- **RECORDS FOR THIS TASK**

text \<open>Under \<open>\<lambda> \<mapsto> \<surd>\<lambda>\<close> the open simplex becomes the positive part of the unit sphere, the
  Fisher--Rao distance twice the spherical angle, and \<open>\<Phi>\<^sub>B\<close> the map \<open>x \<mapsto> \<beta>x / |\<beta>x|\<close>
  (componentwise product), so an isometry preserves angles between the vectors \<open>\<beta>x\<close>.
  For \<open>x \<noteq> y\<close> on the sphere, \<open>x + y\<close> bisects the angle between \<open>x\<close> and \<open>y\<close> and is itself
  (up to scaling) a point of the sphere; since \<open>\<beta>(x + y) = \<beta>x + \<beta>y\<close>, angle preservation
  makes \<open>\<beta>x + \<beta>y\<close> bisect the angle between \<open>\<beta>x\<close> and \<open>\<beta>y\<close>, which happens only in a rhombus,
  i.e. when \<open>|\<beta>x| = |\<beta>y|\<close>. Thus \<open>\<Sum>\<^sub>i \<beta>\<^sub>i\<^sup>2 \<lambda>\<^sub>i = |\<beta>\<surd>\<lambda>|\<^sup>2\<close> is constant on the simplex, which forces
  all \<open>\<beta>\<^sub>i\<^sup>2\<close> to agree. Conversely, a constant \<open>\<beta>\<close> makes \<open>\<Phi>\<^sub>B\<close> the identity.\<close>

definition cos_angle :: "'a::real_inner \<Rightarrow> 'a \<Rightarrow> real" where
  "cos_angle a b = inner a b / (norm a * norm b)"

lemma abs_cos_angle_le_1: "\<bar>cos_angle a b\<bar> \<le> 1"
  unfolding cos_angle_def abs_divide
  by (metis Cauchy_Schwarz_ineq2 abs_mult abs_norm_cancel divide_le_eq_1 zero_less_abs_iff)

lemma cos_angle_scaleR_left: "c > 0 \<Longrightarrow> cos_angle (c *\<^sub>R a) b = cos_angle a b"
  by (simp add: cos_angle_def)

lemma cos_angle_scaleR_right: "c > 0 \<Longrightarrow> cos_angle a (c *\<^sub>R b) = cos_angle a b"
  by (simp add: cos_angle_def)

lemma cos_angle_lt_1_if_unit_neq:
  assumes "norm x = 1" "norm y = 1" "x \<noteq> y"
  shows "cos_angle x y < 1"
proof -
  have "inner x x = 1" "inner y y = 1"
    using assms(1,2) by (metis one_power2 power2_norm_eq_inner)+
  then have "(norm (x - y))\<^sup>2 = 2 - 2 * inner x y"
    by (simp add: power2_norm_eq_inner inner_diff_left inner_diff_right inner_commute)
  moreover have "(norm (x - y))\<^sup>2 > 0" using assms(3) by simp
  ultimately show ?thesis using assms(1,2) by (simp add: cos_angle_def)
qed

lemma cos_angle_unit_sum_eq:
  assumes "norm x = 1" "norm y = 1"
  shows "cos_angle x (x + y) = cos_angle y (x + y)"
  using assms
  by (simp add: cos_angle_def inner_add_right inner_commute power2_norm_eq_inner[symmetric])

lemma norm_eq_if_cos_angle_sum_eq:
  fixes a b :: "'a::real_inner"
  assumes "a \<noteq> 0" "b \<noteq> 0" "a + b \<noteq> 0"
    and bisect: "cos_angle a (a + b) = cos_angle b (a + b)"
    and not_parallel: "cos_angle a b < 1"
  shows "norm a = norm b"
proof -
  have "inner a (a + b) / norm a = inner b (a + b) / norm b"
    using bisect assms by (simp add: cos_angle_def field_simps)
  then have "norm a + inner a b / norm a = norm b + inner a b / norm b"
    using assms(1,2)
    by (simp add: inner_add_right inner_commute power2_norm_eq_inner[symmetric]
        add_divide_distrib power2_eq_square)
  then have "(norm a - norm b) * (1 - cos_angle a b) = 0"
    using assms(1,2) by (simp add: cos_angle_def field_simps)
  then show ?thesis using not_parallel by simp
qed

lemma nonzero_if_components_pos: "\<forall>i. z $ i > (0::real) \<Longrightarrow> z \<noteq> 0"
  by (metis zero_index less_irrefl)

definition vsqrt :: "real ^ 'n \<Rightarrow> real ^ 'n" where
  "vsqrt lam = (\<chi> i. sqrt (lam $ i))"

lemma inner_vsqrt: "inner (vsqrt lam) (vsqrt mu) = (\<Sum>i\<in>UNIV. sqrt (lam $ i * mu $ i))"
  by (simp add: vsqrt_def inner_vec_def real_sqrt_mult)

lemma norm_vsqrt:
  assumes "lam \<in> simplex_pos"
  shows "norm (vsqrt lam) = 1"
proof -
  have "inner (vsqrt lam) (vsqrt lam) = (\<Sum>i\<in>UNIV. lam $ i)"
    using assms by (simp add: inner_vsqrt simplex_pos_def less_imp_le)
  then show ?thesis using assms by (simp add: norm_eq_sqrt_inner simplex_pos_def)
qed

lemma vsqrt_inj_on_simplex_pos:
  assumes "lam \<in> simplex_pos" "mu \<in> simplex_pos" "vsqrt lam = vsqrt mu"
  shows "lam = mu"
  using assms by (simp add: vsqrt_def simplex_pos_def vec_eq_iff less_imp_le)

lemma fisher_rao_dist_eq_cos_angle:
  assumes "lam \<in> simplex_pos" "mu \<in> simplex_pos"
  shows "fisher_rao_dist lam mu = 2 * arccos (cos_angle (vsqrt lam) (vsqrt mu))"
  using assms by (simp add: fisher_rao_dist_def cos_angle_def norm_vsqrt inner_vsqrt)

lemma simplex_pos_normalize:
  fixes z :: "real ^ 'n"
  assumes pos: "\<forall>i. z $ i > 0"
  obtains m where "m \<in> simplex_pos" "vsqrt m = z /\<^sub>R norm z"
proof
  let ?m = "\<chi> i. (z $ i / norm z)\<^sup>2"
  have "z \<noteq> 0" using pos by (rule nonzero_if_components_pos)
  moreover have "(\<Sum>i\<in>UNIV. (z $ i)\<^sup>2) = (norm z)\<^sup>2"
    unfolding power2_norm_eq_inner inner_vec_def by (simp add: power2_eq_square)
  ultimately have "(\<Sum>i\<in>UNIV. ?m $ i) = 1"
    by (simp add: power_divide sum_divide_distrib[symmetric])
  then show "?m \<in> simplex_pos"
    using pos \<open>z \<noteq> 0\<close> by (simp add: simplex_pos_def less_imp_neq[symmetric])
  show "vsqrt ?m = z /\<^sub>R norm z"
    using pos by (simp add: vsqrt_def vec_eq_iff divide_inverse_commute less_imp_le)
qed

lemma fr_isometry_cos_angle_vsqrt:
  assumes iso: "fr_isometry F" and "lam \<in> simplex_pos" "mu \<in> simplex_pos"
  shows "cos_angle (vsqrt (F lam)) (vsqrt (F mu)) = cos_angle (vsqrt lam) (vsqrt mu)"
proof -
  have "F lam \<in> simplex_pos" "F mu \<in> simplex_pos"
    using iso assms(2,3) by (auto simp: fr_isometry_def dest: bij_betwE)
  moreover have "fisher_rao_dist (F lam) (F mu) = fisher_rao_dist lam mu"
    using iso assms(2,3) by (simp add: fr_isometry_def)
  ultimately have "arccos (cos_angle (vsqrt (F lam)) (vsqrt (F mu)))
      = arccos (cos_angle (vsqrt lam) (vsqrt mu))"
    using assms(2,3) by (simp add: fisher_rao_dist_eq_cos_angle)
  then show ?thesis using abs_cos_angle_le_1 arccos_eq_iff by blast
qed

- **PROMPT**
Word for word, restate the lines above from the line containing "(1 - cos_angle" through the line containing "using assms by (simp add: inner_vsqrt", with both included and nothing else.

- **WRITTEN SOLUTION**
  then have "(norm a - norm b) * (1 - cos_angle a b) = 0"
    using assms(1,2) by (simp add: cos_angle_def field_simps)
  then show ?thesis using not_parallel by simp
qed

lemma nonzero_if_components_pos: "\<forall>i. z $ i > (0::real) \<Longrightarrow> z \<noteq> 0"
  by (metis zero_index less_irrefl)

definition vsqrt :: "real ^ 'n \<Rightarrow> real ^ 'n" where
  "vsqrt lam = (\<chi> i. sqrt (lam $ i))"

lemma inner_vsqrt: "inner (vsqrt lam) (vsqrt mu) = (\<Sum>i\<in>UNIV. sqrt (lam $ i * mu $ i))"
  by (simp add: vsqrt_def inner_vec_def real_sqrt_mult)

lemma norm_vsqrt:
  assumes "lam \<in> simplex_pos"
  shows "norm (vsqrt lam) = 1"
proof -
  have "inner (vsqrt lam) (vsqrt lam) = (\<Sum>i\<in>UNIV. lam $ i)"
    using assms by (simp add: inner_vsqrt simplex_pos_def less_imp_le)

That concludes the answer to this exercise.